What is more important, both cases highlight the importance accorded by all forces in Turkey to European legal principles and institutions. Indeed, both the AKP and the prosecution have sought to rest their arguments on European legal principles. The AKP cloaks its entire program in the improvement of individual rights, and has seen Europe as the chief cheerleader in its efforts to weaken the “rigid” Turkish state. This, in turn, explains the AKP’s utter disappointment with the ECHR’s 2005 ruling. Likewise, in the closure case, the prosecutorial argument began with a long treatise on the permissibility in European and international law of the closure of political parties. And in both cases, the Court rested a solid portion of its reasoning on European legal principles.
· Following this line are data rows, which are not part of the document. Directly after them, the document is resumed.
theorem lemma4:
  fixes M :: "'a measure" and X :: "'a \<Rightarrow> real" and Xs :: "nat \<Rightarrow> 'a \<Rightarrow> real"
    and a lam :: "nat \<Rightarrow> 'a \<Rightarrow> real" and R0 :: real and \<epsilon> :: real
  assumes "prob_space M"
    and "integrable M X" and "prob_space.expectation M X = 0"
    and "prob_space.indep_vars M (\<lambda>_. borel) Xs {1..}"
    and "\<And>j. j \<ge> 1 \<Longrightarrow> distr M borel (Xs j) = distr M borel X"
    and "R0 > 0"
    and "\<And>i. i \<ge> 1 \<Longrightarrow> a i \<in> borel_measurable (past_sigma M Xs i)"
    and "\<And>i. i \<ge> 1 \<Longrightarrow> lam i \<in> borel_measurable (past_sigma M Xs i)"
    and "\<And>i \<omega>. i \<ge> 1 \<Longrightarrow> \<omega> \<in> space M \<Longrightarrow> a i \<omega> \<in> {-R0..R0}"
    and "\<And>i \<omega>. i \<ge> 1 \<Longrightarrow> \<omega> \<in> space M \<Longrightarrow> lam i \<omega> \<in> {-1, 1}"
    and "\<epsilon> > 0"
  shows "((\<lambda>t::nat. measure M {\<omega> \<in> space M.
             \<bar>(1 / real t) * (\<Sum>j=1..t. lam j \<omega> * Xs j \<omega>)\<bar> > \<epsilon>}) \<longlongrightarrow> 0) sequentially
       \<and> ((\<lambda>t::nat. measure M {\<omega> \<in> space M.
             \<bar>(1 / (real t)\<^sup>2) * (\<Sum>i=1..t. a i \<omega> * (\<Sum>j=i..t. lam j \<omega> * Xs j \<omega>))\<bar> > \<epsilon>})
           \<longlongrightarrow> 0) sequentially"
proof -
  interpret centred_iid_sequence M X Xs
    by (rule centred_iid_sequence.intro[OF iid_sequence.intro[OF assms(1)]], unfold_locales)
      (use assms in auto)
  have lam_bound: "\<bar>lam i \<omega>\<bar> = 1" if "i \<ge> 1" "\<omega> \<in> space M" for i \<omega>
    using assms(10)[OF that] by auto
  have a_bound: "\<bar>a i \<omega>\<bar> \<le> R0" if "i \<ge> 1" "\<omega> \<in> space M" for i \<omega>
    using assms(9)[OF that] by auto
  define c where "c t j \<omega> = lam j \<omega> * (\<Sum>i=1..j. a i \<omega>) / real t" for t j \<omega>
  have c_past: "c t j \<in> borel_measurable (past_sigma M Xs j)" if "1 \<le> j" "j \<le> t" for t j
    unfolding c_def using that
    by (intro borel_measurable_divide borel_measurable_times borel_measurable_sum assms(8)
        measurable_past_sigma_mono[OF _ assms(7)] borel_measurable_const) auto
  have c_bound: "\<bar>c t j \<omega>\<bar> \<le> R0" if "1 \<le> j" "j \<le> t" "\<omega> \<in> space M" for t j \<omega>
  proof -
    have "\<bar>\<Sum>i=1..j. a i \<omega>\<bar> \<le> real j * R0"
      by (rule abs_sum_le_mult_bound) (use a_bound that in auto)
    also have "\<dots> \<le> real t * R0"
      using that assms(6) by (intro mult_right_mono) auto
    finally have "\<bar>\<Sum>i=1..j. a i \<omega>\<bar> / real t \<le> R0"
      using that by (simp add: field_simps)
    then show ?thesis
      unfolding c_def using lam_bound[of j \<omega>] that by (simp add: abs_mult abs_divide)
  qed
  have Z_eq: "(1 / (real t)\<^sup>2) * (\<Sum>i=1..t. a i \<omega> * (\<Sum>j=i..t. lam j \<omega> * Xs j \<omega>))
      = (1 / real t) * (\<Sum>j=1..t. c t j \<omega> * Xs j \<omega>)" for t \<omega>
  proof -
    have "(\<Sum>j=1..t. c t j \<omega> * Xs j \<omega>) = (\<Sum>j=1..t. lam j \<omega> * Xs j \<omega> * (\<Sum>i=1..j. a i \<omega>)) / real t"
      unfolding c_def sum_divide_distrib by (intro sum.cong) (auto simp: algebra_simps)
    then show ?thesis
      unfolding sum_times_tail_sum_swap by (simp add: power2_eq_square)
  qed
  have "(\<lambda>t. prob {\<omega> \<in> space M. \<bar>(1 / real t) * (\<Sum>j=1..t. lam j \<omega> * Xs j \<omega>)\<bar> > \<epsilon>}) \<longlonglongrightarrow> 0"
    by (rule weighted_average_tendsto_0[where c = "\<lambda>t j. lam j" and C = 1])
      (use assms(8,11) lam_bound in auto)
  moreover have "(\<lambda>t. prob {\<omega> \<in> space M.
      \<bar>(1 / (real t)\<^sup>2) * (\<Sum>i=1..t. a i \<omega> * (\<Sum>j=i..t. lam j \<omega> * Xs j \<omega>))\<bar> > \<epsilon>}) \<longlonglongrightarrow> 0"
    unfolding Z_eq by (rule weighted_average_tendsto_0[OF assms(6,11) c_past c_bound])
  ultimately show ?thesis ..
qed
In the headscarf case, this was the ECHR’s 2005 ruling; in the closure case, it was the Venice Commission’s principles, specifically as concerns the advocacy of the use of force as a prerequisite to closing a party.
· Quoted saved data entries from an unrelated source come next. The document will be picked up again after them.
(* Let $n\ge1$ be an integer, let $S_n$ be the sum of $n$ independent random variables each uniformly distributed on $[0,1]$, and let $p\ge 1$ be a real number. Then for every integer $k$, $$\Pr\Big(S_n\in \tfrac1p+[k-1,k]\Big)=\frac{1}{p^n\,n!}\,A^{(p)}(n,k).$$
   Context: For real $p\ge1$, integer $n\ge0$ and $0\le j\le n+1$, $A^{(p)}(n,j)=\sum_{r=0}^{j}(-1)^r\binom{n+1}{r}[p(j-r)+1]^{n}$; by convention $A^{(p)}(n,j)=0$ for $j<0$ and for $j>n+1$. Here $\tfrac1p+[k-1,k]$ denotes the interval $[\tfrac1p+k-1,\tfrac1p+k]$. *)

theory Defs
  imports "HOL-Probability.Probability"
begin

definition A :: "real \<Rightarrow> nat \<Rightarrow> int \<Rightarrow> real" where
  "A p n j = (if j < 0 \<or> j > int n + 1 then 0
     else (\<Sum>r = 0..nat j. (-1) ^ r * real (Suc n choose r)
              * (p * real_of_int (j - int r) + 1) ^ n))"

end

theory Submission
  imports Defs
begin

text \<open>
  A sum S_n of n independent uniform variables on [0,1] has the Irwin--Hall distribution
  function F_n(x) = (1/n!) \<Sum>_{r\<le>n} (-1)^r C(n,r) (x-r)_+^n. This follows by induction
  on n: the law of S_{n+1} is the convolution of the uniform law with that of S_n, so
  F_{n+1}(x) = \<integral>_0^1 F_n(x-t) dt, and integrating (x-r-t)_+^n termwise and recombining
  with Pascal's rule gives F_{n+1}. The probability of [a-1,a] is F_n(a) - F_n(a-1), which
  by Pascal's rule once more is (1/n!) \<Sum>_{r\<le>n+1} (-1)^r C(n+1,r) (a-r)_+^n; for
  a = 1/p + k only the terms with r \<le> k survive, and p(a-r) = p(k-r)+1. For k > n+1 both
  sides vanish, since S_n \<le> n almost surely.
\<close>

lemma has_integral_pos_part_power:
  fixes c :: real
  assumes "m \<ge> 1"
  shows "((\<lambda>t. (max (c - t) 0) ^ m) has_integral
           ((max c 0) ^ Suc m - (max (c - 1) 0) ^ Suc m) / real (Suc m)) {0..1}"
proof -
  define G where "G t = - ((max (c - t) 0) ^ Suc m) / real (Suc m)" for t :: real
  have "((\<lambda>t. (max (c - t) 0) ^ m) has_integral (G 1 - G 0)) {0..1}"
  proof (rule fundamental_theorem_of_calculus_interior_strong[where S = "{c}"])
    show "continuous_on {0..1} G"
      unfolding G_def by (intro continuous_intros) auto
    fix x assume x: "x \<in> {0<..<1} - {c}"
    show "(G has_vector_derivative (max (c - x) 0) ^ m) (at x)"
      unfolding has_real_derivative_iff_has_vector_derivative[symmetric]
    proof (cases "x < c")
      case True
      have d: "((\<lambda>t. - ((c - t) ^ Suc m) / real (Suc m)) has_real_derivative (c - x) ^ m) (at x)"
        by (rule derivative_eq_intros refl)+
           (simp only: diff_Suc_1, simp add: of_nat_Suc[symmetric] del: of_nat_Suc)
      have "(G has_real_derivative (c - x) ^ m) (at x)"
        using True
        by (intro has_field_derivative_transform_within_open[OF d, where S = "{..<c}"]) (auto simp: G_def)
      then show "(G has_real_derivative (max (c - x) 0) ^ m) (at x)"
        using True by simp
    next
      case False
      with x have "x > c" by auto
      have "(G has_real_derivative 0) (at x)"
        using \<open>x > c\<close>
        by (intro has_field_derivative_transform_within_open[OF DERIV_const, where S = "{c<..}"])
           (auto simp: G_def)
      then show "(G has_real_derivative (max (c - x) 0) ^ m) (at x)"
        using \<open>x > c\<close> assms by (simp add: power_0_left)
    qed
  qed auto
  then show ?thesis
    by (simp add: G_def diff_divide_distrib)
qed

text \<open>Summation by parts against Pascal's rule C(n+1,r+1) = C(n,r+1) + C(n,r).\<close>

lemma sum_alternating_choose_Suc:
  fixes f :: "nat \<Rightarrow> real"
  shows "(\<Sum>r\<le>Suc n. (-1) ^ r * real (Suc n choose r) * f r)
       = (\<Sum>r\<le>n. (-1) ^ r * real (n choose r) * (f r - f (Suc r)))"
proof -
  define T where "T r = (-1) ^ r * real (n choose r) * f r" for r
  have "(\<Sum>r\<le>Suc n. (-1) ^ r * real (Suc n choose r) * f r)
      = f 0 + (\<Sum>r\<le>n. T (Suc r) - (-1) ^ r * real (n choose r) * f (Suc r))"
    by (subst sum.atMost_Suc_shift) (auto intro!: sum.cong simp: T_def algebra_simps)
  also have "\<dots> = (T 0 + (\<Sum>r\<le>n. T (Suc r))) - (\<Sum>r\<le>n. (-1) ^ r * real (n choose r) * f (Suc r))"
    by (simp add: sum_subtractf T_def)
  also have "T 0 + (\<Sum>r\<le>n. T (Suc r)) = (\<Sum>r\<le>Suc n. T r)"
    by (rule sum.atMost_Suc_shift[symmetric])
  also have "\<dots> = (\<Sum>r\<le>n. T r)"
    by (simp add: T_def)
  finally show ?thesis
    by (simp add: T_def sum_subtractf[symmetric] algebra_simps)
qed

definition irwin_hall_cdf :: "nat \<Rightarrow> real \<Rightarrow> real" where
  "irwin_hall_cdf n x = (\<Sum>r\<le>n. (-1) ^ r * real (n choose r) * (max (x - real r) 0) ^ n) / fact n"

lemma irwin_hall_cdf_measurable [measurable]: "irwin_hall_cdf n \<in> borel_measurable borel"
  unfolding irwin_hall_cdf_def by measurable

lemma has_integral_irwin_hall_cdf_Suc:
  assumes "n \<ge> 1"
  shows "((\<lambda>t. irwin_hall_cdf n (x - t)) has_integral irwin_hall_cdf (Suc n) x) {0..1}"
proof -
  let ?g = "\<lambda>r. (max (x - real r) 0) ^ Suc n"
  have "((\<lambda>t. (\<Sum>r\<le>n. (-1) ^ r * real (n choose r) * (max ((x - real r) - t) 0) ^ n) / fact n)
     has_integral (\<Sum>r\<le>n. (-1) ^ r * real (n choose r) *
       (((max (x - real r) 0) ^ Suc n - (max ((x - real r) - 1) 0) ^ Suc n) / real (Suc n))) / fact n)
     {0..1}"
    by (intro has_integral_divide has_integral_sum has_integral_mult_right
          has_integral_pos_part_power assms) auto
  also have "(\<Sum>r\<le>n. (-1) ^ r * real (n choose r) *
       (((max (x - real r) 0) ^ Suc n - (max ((x - real r) - 1) 0) ^ Suc n) / real (Suc n))) / fact n
      = (\<Sum>r\<le>n. (-1) ^ r * real (n choose r) * (?g r - ?g (Suc r))) / fact (Suc n)"
    by (simp add: sum_divide_distrib algebra_simps fact_Suc)
  also have "\<dots> = irwin_hall_cdf (Suc n) x"
    by (simp only: irwin_hall_cdf_def sum_alternating_choose_Suc)
  finally show ?thesis
    by (simp add: irwin_hall_cdf_def algebra_simps)
qed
Meanwhile, the court’s reasoning carries  political implications. While allowing the AKP to continue to govern, it has effectively branded the party – and the prime minister personally – as forces seeking to undermine the constitutional order. Assuming that the jurisdiction of the Court is accepted, that  obviously serves to weaken the legitimacy of Erdogan’s personal leadership, as well as the AKP as a whole. In such a perspective, the rulings could  be said to have drawn a framework for the AKP’s continued stay in power. The headscarf ruling may effectively shelve any attempts by the AKP to unilaterally amend the constitution, let alone proposing an entirely new one. The ruling in the closure case, meanwhile, could be interpreted as a warning to the AKP. On the one hand, the court tells the AKP to continue with its democratic reforms and EU harmonization – more or less explicitly saying that those efforts saved it from closure. On the other, the court effectively warns the government that any further efforts to undermine the secular state are likely to lead to its closure. But the AKP will also be tempted to interpret the rulings of the court as an admittance of secularist weakness.

CONCLUSIONS: 
The AKP’s interpretation of, and reaction to, the court’s decisions will frame the nature of Turkey’s protracted political crisis. Simply put, the AKP has a choice. It can either accept the framework presented to it by the court for its continued tenure in power as a manifestation of checks and balances in the system; or challenge the very legitimacy of that framework. Should it choose the former option, it would be likely to return to a focus on general democratizing reforms, and to abandon, at least for the time being, its efforts to undermine the secular order. That would provide Turkey with the type of political stability that it enjoyed in the AKP’s early period in power in 2002-5.

Unfortunately, the AKP’s initial reaction has been the opposite. Prime Minister Erdogan reacted strongly to the court’s reasoning, blaming it for undermining “the will of the people”. Moreover, senior AKP representatives have threatened to undermine the Court’s powers, and to expand its membership – a not-so-veiled reference to inserting loyal AKP supporters to an expanded court and thereby gaining control over it. 

The AKP’s initial reactions make it clear that Erdogan continues to focus on a simplistic, majoritarian understanding of democracy as the will of the people, accepting no check and balances. Effectively, this indicates that the AKP has yet to come to terms with the idea of constitutional or liberal democracy – where the state institutions have the explicit purpose not of protecting the majority but of reining it in. If the government continues to pursue such a reasoning, Turkey’s political crisis is unlikely to be resolved anytime soon.

On the other hand, the recent episode has shown a level of maturity on the part of the Constitutional Court that is seldom ascribed to it. It has shown a capability of stepping into a position as the institution providing checks and balances in the Turkish political system. That is a tendency to be recognized and supported.